**Problem description**:
Copy each line below in which the string "simple" occurs.

***** Material supplied

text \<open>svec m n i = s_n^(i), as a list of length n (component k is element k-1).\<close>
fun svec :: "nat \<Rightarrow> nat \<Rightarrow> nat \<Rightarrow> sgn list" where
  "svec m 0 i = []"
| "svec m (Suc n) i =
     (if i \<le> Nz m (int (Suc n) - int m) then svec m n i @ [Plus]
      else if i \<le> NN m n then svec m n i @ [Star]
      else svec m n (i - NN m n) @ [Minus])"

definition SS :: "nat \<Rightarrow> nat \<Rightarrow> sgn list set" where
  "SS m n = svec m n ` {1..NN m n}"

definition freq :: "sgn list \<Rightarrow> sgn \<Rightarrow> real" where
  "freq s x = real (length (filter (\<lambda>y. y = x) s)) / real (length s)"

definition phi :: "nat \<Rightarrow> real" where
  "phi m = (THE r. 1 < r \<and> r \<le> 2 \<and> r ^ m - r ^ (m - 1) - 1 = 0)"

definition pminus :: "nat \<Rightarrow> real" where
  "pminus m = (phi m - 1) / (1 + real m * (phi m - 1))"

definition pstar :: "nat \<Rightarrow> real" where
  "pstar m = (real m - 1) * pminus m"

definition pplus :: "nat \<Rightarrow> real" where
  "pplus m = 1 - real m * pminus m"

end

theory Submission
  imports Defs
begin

**********
***** Material supplied

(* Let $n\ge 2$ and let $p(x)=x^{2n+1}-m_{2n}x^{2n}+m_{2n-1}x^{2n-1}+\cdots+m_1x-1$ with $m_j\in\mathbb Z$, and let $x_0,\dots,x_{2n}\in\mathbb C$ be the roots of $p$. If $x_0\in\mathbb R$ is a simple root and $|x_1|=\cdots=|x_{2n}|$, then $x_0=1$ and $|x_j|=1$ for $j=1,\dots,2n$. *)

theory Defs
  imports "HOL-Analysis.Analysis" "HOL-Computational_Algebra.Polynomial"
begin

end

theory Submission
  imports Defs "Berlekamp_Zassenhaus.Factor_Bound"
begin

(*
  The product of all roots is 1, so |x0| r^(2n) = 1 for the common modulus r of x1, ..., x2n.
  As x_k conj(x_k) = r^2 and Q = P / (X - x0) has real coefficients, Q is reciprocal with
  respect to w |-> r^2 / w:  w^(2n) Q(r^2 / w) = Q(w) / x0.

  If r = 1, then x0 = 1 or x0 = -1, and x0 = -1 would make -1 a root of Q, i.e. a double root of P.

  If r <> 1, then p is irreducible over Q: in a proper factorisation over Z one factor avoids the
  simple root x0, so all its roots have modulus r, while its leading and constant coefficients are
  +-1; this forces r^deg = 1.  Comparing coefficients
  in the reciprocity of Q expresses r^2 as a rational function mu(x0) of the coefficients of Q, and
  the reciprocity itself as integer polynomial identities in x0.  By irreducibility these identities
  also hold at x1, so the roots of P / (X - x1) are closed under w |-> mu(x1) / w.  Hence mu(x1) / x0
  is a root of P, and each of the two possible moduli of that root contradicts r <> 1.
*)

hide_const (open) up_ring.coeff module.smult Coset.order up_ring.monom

**********

**Solution for this exercise**:
(* Let $n\ge 2$ and let $p(x)=x^{2n+1}-m_{2n}x^{2n}+m_{2n-1}x^{2n-1}+\cdots+m_1x-1$ with $m_j\in\mathbb Z$, and let $x_0,\dots,x_{2n}\in\mathbb C$ be the roots of $p$. If $x_0\in\mathbb R$ is a simple root and $|x_1|=\cdots=|x_{2n}|$, then $x_0=1$ and $|x_j|=1$ for $j=1,\dots,2n$. *)
  simple root x0, so all its roots have modulus r, while its leading and constant coefficients are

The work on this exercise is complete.